MCO postanowił wrócić do domu i sprawdzić, czy nie ma tam psinek. 
Minęło już z pół godziny od ich zaginięcia.
Zostałam na miejscu, tonąc we łzach i wciąż je wołając.
Za chwilę zadzwonił telefon. Jest Fika! Jest!
MCO zastał ją siedzącą na drodze i trzęsącą się ze strachu.
Bała się do niego podejść, więc szybko poleciałam do nich, 
wycałowałam moją kochaną, zapięłam na smycz i wróciłyśmy na miejsce zaginięcia. 
MCO poszedł do domu, do Jolinkowa, i... zastał Mikę w naszym pokoju na piętrze! 
Mądra ta psinka wróciła sama do domu! Boże, co za ulga, co za olbrzymia ulga! 
Teraz, co oczywiste, tylko smycz. Nasza głupota tym razem nam się upiekła... Uffff!
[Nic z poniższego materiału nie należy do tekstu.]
(* The multidegree of $H_3\subset G(1,4)$ with respect to the $3$-dimensional Schubert cycles is $(\alpha,\beta)=(1,2)$: a general Schubert variety $\Omega(0,4)$ meets $H_3$ in exactly $1$ point and a general Schubert variety $\Omega(1,3)$ meets $H_3$ in exactly $2$ points; equivalently $[H_3]=1\cdot[\Omega(0,4)]+2\cdot[\Omega(1,3)]$ in $H^6(G(1,4),\mathbb{Z})$.
   Context: Binary quartics up to scalar form $\mathbb{P}^4$; $G(1,4)$ is the Grassmannian of lines in $\mathbb{P}^4$; $H(f)=f_{xx}f_{yy}-f_{xy}^2$ is the Hessian of a quartic $f$; $H_3=\overline{\{\langle f,H(f)\rangle\in G(1,4): f \text{ has four simple roots}\}}$. $\Omega(0,4)$ is the Schubert variety of lines through a fixed point of $\mathbb{P}^4$, and $\Omega(1,3)$ is the Schubert variety of lines meeting a fixed line $\ell$ and contained in a fixed $\mathbb{P}^3\supset\ell$; both have dimension $3$ and degrees $1$ and $2$ respectively in the Plücker embedding. *)

theory Defs
  imports Complex_Main
begin

text \<open>Binary forms over the complex numbers are represented by coefficient functions:
  a form of degree d is c :: nat \<Rightarrow> complex, meaning the sum over i \<le> d of
  c i * x^(d-i) * y^i, with c i = 0 for i > d.  Binary quartics (= affine cone over P^4)
  are the coefficient functions supported in {0..4}.\<close>

type_synonym bform = "nat \<Rightarrow> complex"
lemma fbf_step_fejer:
  fixes B :: "'a::{real_inner,heine_borel} \<Rightarrow> 'a"
  assumes C: "convex C" "closed C" and lin: "linear B" and skew: "\<And>w. inner (B w) w = 0"
    and bnd: "\<And>w. norm (B w) \<le> \<beta> * norm w"
    and z: "z \<in> vi_solutions C B" and \<gamma>: "0 \<le> \<gamma>"
  shows "norm (fbf_step C B \<gamma> x - z)^2
           \<le> norm (x - z)^2 - (1 - \<gamma>^2 * \<beta>^2) * norm (closest_point C (x - \<gamma> *\<^sub>R B x) - x)^2"
proof -
  define p where "p = closest_point C (x - \<gamma> *\<^sub>R B x)"
  have zC: "z \<in> C" and "C \<noteq> {}" using z by (auto simp: vi_solutions_def)
  then have "p \<in> C" unfolding p_def using C by (simp add: closest_point_in_set)
  then have sol: "0 \<le> inner (B z) (p - z)" using z by (simp add: vi_solutions_def)
  have proj: "inner (x - \<gamma> *\<^sub>R B x - p) (z - p) \<le> 0"
    unfolding p_def using C zC by (rule closest_point_dot)
  show ?thesis
    using fbf_energy_estimate[OF lin skew bnd proj sol \<gamma>]
    by (simp add: fbf_step_def p_def Let_def)
qed
(* Let $(\Omega,\mathcal F,\mathbb P)$ be a probability space and let $\mathcal X$ be an ideal of $L^0$, equipped with a vector topology and the almost-sure order. Let $V_1:\mathbb R^N\to\mathcal X$ be weakly upper semicontinuous, and assume one of the following: (i) $\mathcal X=L^0$ equipped with the topology of convergence in probability; (ii) $\mathcal X$ is order continuous and $V_1$ is nondecreasing (componentwise order on $\mathbb R^N$, almost-sure order on $\mathcal X$). Then $V_1$ is upper semicontinuous.
   Context: $L^0$ is the space of equivalence classes (modulo a.s. equality) of real random variables on $(\Omega,\mathcal F,\mathbb P)$ with the a.s. partial order, $\mathcal X_+$ being the a.s. nonnegative elements. $\mathcal X\subset L^0$ is an ideal if it is a linear subspace that is solid ($X\in\mathcal X$ whenever $|X|\le|Y|$ a.s. for some $Y\in\mathcal X$) and $\max\{X,Y\}\in\mathcal X$ for all $X,Y\in\mathcal X$. $\mathcal X$ is order continuous if for all $(X_n)\subset\mathcal X$ and $X\in\mathcal X$ with $X_n\to X$ a.s. and $\sup_n|X_n|\in\mathcal X$, one has $X_n\to X$ in the topology of $\mathcal X$. $V_1$ is weakly upper semicontinuous if for all $(x_n)\subset\mathbb R^N$, $x\in\mathbb R^N$ with $x_n\to x$, $V_1(x)\ge\limsup_n V_1(x_n)$ a.s. $V_1$ is upper semicontinuous at $x$ if for every neighborhood $\mathcal U$ of $V_1(x)$ there exists a neighborhood $\mathcal V$ of $x$ with $V_1(\mathcal V)\subset\mathcal U-\mathcal X_+$, and upper semicontinuous if this holds at every $x$. *)

theory Defs
  imports "HOL-Probability.Probability"
begin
Teraz, co oczywiste, tylko smycz.


Miłego! Dziś będziemy z Jolą piec chleb (tzn. Jola będzie piec, a ja będę robić zdjęcia). :)

PODPIS



69 komentarzy:

  1. Ufff... Oesu! Dobrze wiem, coscie przezyli, bo i mnie sie zdarzalo, ze pies pognal za zwierzyna i przepadl. Nie pozostawalo nic innego, jak czekac w miejscu znikniecia trzesac sie ze strachu, zeby nic sie nie stalo, zeby trafil z powrotem. A tu jeszcze te strzaly...
    Niby pieski pokojowe, ale instynkty lowcze czesto biora gore nad rozsadkiem i posluszenstwem.

    OdpowiedzUsuń
    Odpowiedzi
    1. Najgorsze były te strzały. To była kropka nad "i" mojego strachu.
      Niestety dziewczyny we dwie stanowią stado, które niczego się nie boi, nawet wilka złego. ;)

      Usuń
  2. Ale napędziły Wam strachu strasznego.Wiem co to znaczy bo w święta miałam podobną przygodę.Opiszeja wieczorem bo dostałam telefon i muszę jechać do pracy.A miałam mieć wolne.Buu..

    OdpowiedzUsuń
    Odpowiedzi
    1. Tutaj podobno wciąż się zdarza, że jakiś mieszczuch szuka swojego psa...

      Usuń
  3. Ufff... Przeżyliście prawdziwy koszmar! Dobrze, że wszystko dobrze się skończyło. A zabawy z Luzakiem cudne. Cały zwierzyniec, i kozy, i kury z kogucikiem, i konie, i kotulki, i pieski... no, cudne!

    OdpowiedzUsuń
    Odpowiedzi
    1. Te zabawy z Luzakiem to normalnie szał! Śmialiśmy się w głos patrząc jak Fika, Mika i Luzak bawią się w berka. :)

      Usuń
  4. Jeju, co za stres! Jednak każdy w takich okolicznościach przyrody spuściłby pieski ze smyczy. żadna to głupota.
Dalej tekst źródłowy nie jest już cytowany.